INPUT FOR THIS TASK Block Start

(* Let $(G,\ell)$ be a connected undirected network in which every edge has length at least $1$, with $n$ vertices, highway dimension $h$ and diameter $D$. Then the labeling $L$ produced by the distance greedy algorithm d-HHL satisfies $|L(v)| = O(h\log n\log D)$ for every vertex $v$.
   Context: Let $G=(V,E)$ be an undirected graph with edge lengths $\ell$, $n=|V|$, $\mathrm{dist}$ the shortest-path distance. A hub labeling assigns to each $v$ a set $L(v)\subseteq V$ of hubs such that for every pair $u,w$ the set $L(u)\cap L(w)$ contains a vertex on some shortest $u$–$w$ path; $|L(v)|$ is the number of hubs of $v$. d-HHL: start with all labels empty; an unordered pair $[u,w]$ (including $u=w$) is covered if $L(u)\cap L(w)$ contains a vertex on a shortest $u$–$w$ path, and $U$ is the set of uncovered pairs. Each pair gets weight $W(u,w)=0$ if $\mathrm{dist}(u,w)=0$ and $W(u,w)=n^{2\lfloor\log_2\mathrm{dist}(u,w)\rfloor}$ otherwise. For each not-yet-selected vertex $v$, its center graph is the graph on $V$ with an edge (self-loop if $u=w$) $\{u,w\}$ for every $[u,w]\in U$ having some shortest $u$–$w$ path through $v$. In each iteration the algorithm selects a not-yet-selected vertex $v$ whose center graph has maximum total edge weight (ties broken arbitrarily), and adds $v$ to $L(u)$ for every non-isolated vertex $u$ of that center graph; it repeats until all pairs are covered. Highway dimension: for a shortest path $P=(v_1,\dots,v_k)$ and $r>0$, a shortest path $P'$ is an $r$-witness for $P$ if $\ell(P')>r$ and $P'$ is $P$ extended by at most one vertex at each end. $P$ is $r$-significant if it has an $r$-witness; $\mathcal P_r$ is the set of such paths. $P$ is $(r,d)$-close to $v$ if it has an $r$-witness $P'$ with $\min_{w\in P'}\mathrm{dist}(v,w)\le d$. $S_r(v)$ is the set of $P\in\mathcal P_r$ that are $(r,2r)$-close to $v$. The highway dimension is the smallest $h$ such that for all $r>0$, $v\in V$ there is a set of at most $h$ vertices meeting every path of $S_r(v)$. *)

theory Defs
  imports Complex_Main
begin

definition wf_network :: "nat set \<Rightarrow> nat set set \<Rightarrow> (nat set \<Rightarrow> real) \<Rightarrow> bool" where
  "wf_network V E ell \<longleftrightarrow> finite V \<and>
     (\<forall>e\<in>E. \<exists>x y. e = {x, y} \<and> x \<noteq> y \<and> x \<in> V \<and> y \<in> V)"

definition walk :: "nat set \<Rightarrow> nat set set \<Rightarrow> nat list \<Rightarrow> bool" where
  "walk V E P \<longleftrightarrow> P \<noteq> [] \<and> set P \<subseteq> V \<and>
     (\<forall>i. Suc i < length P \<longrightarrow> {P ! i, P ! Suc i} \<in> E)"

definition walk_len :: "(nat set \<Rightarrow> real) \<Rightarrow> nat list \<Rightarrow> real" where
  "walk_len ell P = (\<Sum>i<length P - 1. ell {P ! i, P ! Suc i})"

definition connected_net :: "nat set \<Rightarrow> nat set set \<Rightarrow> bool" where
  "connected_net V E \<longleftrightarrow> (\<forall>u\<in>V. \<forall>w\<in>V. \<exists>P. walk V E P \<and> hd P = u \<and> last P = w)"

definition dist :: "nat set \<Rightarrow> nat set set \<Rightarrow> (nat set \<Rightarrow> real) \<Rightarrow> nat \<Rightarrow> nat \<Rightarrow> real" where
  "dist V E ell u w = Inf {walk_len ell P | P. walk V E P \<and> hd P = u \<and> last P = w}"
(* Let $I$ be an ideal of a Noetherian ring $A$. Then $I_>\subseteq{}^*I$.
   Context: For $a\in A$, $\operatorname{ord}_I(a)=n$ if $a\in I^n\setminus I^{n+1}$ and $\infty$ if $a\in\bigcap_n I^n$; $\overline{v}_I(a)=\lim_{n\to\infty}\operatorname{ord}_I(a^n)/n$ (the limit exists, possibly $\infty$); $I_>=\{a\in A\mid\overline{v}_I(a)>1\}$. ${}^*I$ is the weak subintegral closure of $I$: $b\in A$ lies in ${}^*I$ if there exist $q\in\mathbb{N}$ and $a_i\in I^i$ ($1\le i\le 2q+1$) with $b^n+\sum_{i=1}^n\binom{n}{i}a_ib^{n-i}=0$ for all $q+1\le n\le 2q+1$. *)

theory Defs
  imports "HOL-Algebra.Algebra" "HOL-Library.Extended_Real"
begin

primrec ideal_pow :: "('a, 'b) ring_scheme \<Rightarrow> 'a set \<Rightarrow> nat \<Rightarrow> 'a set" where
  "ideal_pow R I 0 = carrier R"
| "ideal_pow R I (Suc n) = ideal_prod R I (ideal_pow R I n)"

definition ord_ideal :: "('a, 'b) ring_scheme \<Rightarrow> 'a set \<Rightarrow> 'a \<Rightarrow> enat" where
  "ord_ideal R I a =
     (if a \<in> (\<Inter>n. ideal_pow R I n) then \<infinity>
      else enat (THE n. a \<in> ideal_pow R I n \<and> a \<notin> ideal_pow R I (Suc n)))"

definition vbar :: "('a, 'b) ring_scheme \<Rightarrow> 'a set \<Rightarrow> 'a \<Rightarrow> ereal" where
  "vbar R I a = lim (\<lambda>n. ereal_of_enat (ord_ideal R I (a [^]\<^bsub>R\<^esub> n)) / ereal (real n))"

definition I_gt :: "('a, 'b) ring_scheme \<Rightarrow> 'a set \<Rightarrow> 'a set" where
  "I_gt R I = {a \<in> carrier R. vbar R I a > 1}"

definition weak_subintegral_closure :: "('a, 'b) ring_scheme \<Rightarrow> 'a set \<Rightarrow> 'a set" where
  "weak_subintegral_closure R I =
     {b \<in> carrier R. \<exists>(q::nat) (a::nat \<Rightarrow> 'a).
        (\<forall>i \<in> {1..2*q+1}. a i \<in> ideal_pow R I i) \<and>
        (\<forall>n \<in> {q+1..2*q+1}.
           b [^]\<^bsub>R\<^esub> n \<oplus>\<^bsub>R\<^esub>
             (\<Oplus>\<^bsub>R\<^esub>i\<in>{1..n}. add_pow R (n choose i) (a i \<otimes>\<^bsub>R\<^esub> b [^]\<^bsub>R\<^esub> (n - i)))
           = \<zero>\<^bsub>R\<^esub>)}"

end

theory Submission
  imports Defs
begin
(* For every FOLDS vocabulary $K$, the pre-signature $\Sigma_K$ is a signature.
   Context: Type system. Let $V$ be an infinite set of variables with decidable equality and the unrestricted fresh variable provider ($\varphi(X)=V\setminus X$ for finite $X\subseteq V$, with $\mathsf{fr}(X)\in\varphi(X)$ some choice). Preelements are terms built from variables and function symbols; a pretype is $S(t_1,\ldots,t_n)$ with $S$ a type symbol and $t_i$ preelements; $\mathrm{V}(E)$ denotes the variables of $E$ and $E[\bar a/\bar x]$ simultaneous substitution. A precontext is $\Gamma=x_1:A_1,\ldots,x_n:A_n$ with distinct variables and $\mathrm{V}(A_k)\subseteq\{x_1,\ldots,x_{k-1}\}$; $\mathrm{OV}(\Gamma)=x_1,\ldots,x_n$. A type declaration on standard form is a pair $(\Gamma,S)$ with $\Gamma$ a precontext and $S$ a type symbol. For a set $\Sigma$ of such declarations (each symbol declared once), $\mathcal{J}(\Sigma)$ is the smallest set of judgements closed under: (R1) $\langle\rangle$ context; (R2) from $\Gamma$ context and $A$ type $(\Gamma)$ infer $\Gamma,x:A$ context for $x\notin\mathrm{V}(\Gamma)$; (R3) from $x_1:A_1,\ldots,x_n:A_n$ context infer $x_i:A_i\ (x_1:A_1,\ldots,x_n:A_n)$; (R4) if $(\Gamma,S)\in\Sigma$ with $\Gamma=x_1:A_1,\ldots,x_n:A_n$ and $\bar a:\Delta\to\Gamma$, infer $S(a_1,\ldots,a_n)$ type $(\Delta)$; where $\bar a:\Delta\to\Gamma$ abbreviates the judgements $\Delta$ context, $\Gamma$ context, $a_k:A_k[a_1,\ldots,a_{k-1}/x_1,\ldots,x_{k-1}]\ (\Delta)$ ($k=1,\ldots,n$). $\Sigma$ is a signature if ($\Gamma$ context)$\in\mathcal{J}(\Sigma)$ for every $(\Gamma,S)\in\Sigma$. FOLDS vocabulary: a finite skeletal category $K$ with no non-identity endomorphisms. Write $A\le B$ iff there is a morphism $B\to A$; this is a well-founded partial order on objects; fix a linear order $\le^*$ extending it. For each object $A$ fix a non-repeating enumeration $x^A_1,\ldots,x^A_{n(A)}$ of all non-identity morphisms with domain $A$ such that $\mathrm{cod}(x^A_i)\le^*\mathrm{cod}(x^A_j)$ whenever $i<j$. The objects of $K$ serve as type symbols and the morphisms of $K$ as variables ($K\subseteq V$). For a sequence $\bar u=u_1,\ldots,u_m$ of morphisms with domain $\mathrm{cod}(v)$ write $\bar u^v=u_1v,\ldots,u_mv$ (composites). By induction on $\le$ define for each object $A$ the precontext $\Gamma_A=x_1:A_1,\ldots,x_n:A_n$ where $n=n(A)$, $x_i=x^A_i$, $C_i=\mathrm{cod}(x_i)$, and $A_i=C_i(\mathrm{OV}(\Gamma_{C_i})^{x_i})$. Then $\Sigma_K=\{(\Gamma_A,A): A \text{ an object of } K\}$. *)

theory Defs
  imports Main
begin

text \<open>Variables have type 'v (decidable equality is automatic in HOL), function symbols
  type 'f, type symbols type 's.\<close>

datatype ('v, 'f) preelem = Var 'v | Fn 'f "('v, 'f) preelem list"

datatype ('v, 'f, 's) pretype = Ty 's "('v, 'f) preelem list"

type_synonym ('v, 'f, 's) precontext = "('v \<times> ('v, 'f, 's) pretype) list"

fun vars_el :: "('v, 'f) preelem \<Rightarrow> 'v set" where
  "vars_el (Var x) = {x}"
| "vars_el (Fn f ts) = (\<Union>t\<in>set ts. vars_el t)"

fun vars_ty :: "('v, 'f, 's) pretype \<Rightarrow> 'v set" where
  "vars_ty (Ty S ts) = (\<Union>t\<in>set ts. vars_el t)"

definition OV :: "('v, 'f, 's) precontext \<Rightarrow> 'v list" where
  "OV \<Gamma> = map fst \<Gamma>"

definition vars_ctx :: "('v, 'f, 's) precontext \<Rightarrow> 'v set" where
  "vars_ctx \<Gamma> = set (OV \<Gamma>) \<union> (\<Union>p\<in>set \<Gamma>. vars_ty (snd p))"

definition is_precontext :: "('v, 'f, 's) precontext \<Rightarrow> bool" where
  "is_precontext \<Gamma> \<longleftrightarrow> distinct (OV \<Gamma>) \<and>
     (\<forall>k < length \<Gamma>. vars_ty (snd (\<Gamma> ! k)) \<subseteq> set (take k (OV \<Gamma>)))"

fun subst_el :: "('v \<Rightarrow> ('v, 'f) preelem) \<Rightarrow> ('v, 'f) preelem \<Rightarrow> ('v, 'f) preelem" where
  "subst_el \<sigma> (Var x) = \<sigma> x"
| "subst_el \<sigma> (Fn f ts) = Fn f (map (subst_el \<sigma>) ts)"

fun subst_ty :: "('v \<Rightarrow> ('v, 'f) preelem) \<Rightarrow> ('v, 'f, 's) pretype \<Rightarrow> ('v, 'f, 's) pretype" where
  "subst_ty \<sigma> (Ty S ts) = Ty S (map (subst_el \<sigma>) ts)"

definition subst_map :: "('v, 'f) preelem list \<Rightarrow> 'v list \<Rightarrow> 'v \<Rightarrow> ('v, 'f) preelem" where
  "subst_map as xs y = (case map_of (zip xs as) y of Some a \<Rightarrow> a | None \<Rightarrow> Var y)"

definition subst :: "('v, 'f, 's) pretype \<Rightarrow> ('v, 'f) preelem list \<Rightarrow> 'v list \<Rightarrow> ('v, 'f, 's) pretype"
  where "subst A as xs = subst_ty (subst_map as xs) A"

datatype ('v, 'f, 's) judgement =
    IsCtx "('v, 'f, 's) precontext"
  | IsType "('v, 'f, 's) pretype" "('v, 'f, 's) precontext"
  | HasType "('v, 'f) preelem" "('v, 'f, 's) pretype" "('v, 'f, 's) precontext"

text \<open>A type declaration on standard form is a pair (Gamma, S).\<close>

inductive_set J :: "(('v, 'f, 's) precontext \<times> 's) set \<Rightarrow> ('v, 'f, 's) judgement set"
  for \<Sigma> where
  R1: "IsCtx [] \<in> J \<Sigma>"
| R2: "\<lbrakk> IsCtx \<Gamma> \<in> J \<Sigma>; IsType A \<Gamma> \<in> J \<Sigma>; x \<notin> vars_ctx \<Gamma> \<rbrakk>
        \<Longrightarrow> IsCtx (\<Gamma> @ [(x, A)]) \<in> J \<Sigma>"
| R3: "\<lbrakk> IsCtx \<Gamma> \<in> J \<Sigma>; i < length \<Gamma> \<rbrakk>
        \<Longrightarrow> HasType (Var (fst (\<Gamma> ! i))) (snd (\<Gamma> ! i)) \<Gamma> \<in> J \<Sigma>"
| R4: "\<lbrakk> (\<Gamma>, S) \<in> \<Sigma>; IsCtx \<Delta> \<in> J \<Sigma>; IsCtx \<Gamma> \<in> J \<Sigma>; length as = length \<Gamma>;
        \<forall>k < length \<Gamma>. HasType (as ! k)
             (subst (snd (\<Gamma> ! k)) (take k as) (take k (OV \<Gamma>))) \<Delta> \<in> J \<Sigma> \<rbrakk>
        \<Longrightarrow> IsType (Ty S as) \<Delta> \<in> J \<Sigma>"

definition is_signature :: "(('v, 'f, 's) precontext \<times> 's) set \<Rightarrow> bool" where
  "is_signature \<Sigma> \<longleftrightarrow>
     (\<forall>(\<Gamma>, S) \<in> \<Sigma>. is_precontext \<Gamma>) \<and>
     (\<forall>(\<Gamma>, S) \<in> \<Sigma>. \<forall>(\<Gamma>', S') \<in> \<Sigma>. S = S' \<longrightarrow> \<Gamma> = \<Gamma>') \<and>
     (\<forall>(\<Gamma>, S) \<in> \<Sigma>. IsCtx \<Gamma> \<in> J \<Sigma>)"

INPUT FOR THIS TASK Block End

## EXERCISE
Among the entries, how many lines hold the word "carrier"? Please answer with only that number.

## TASK OUTPUT
3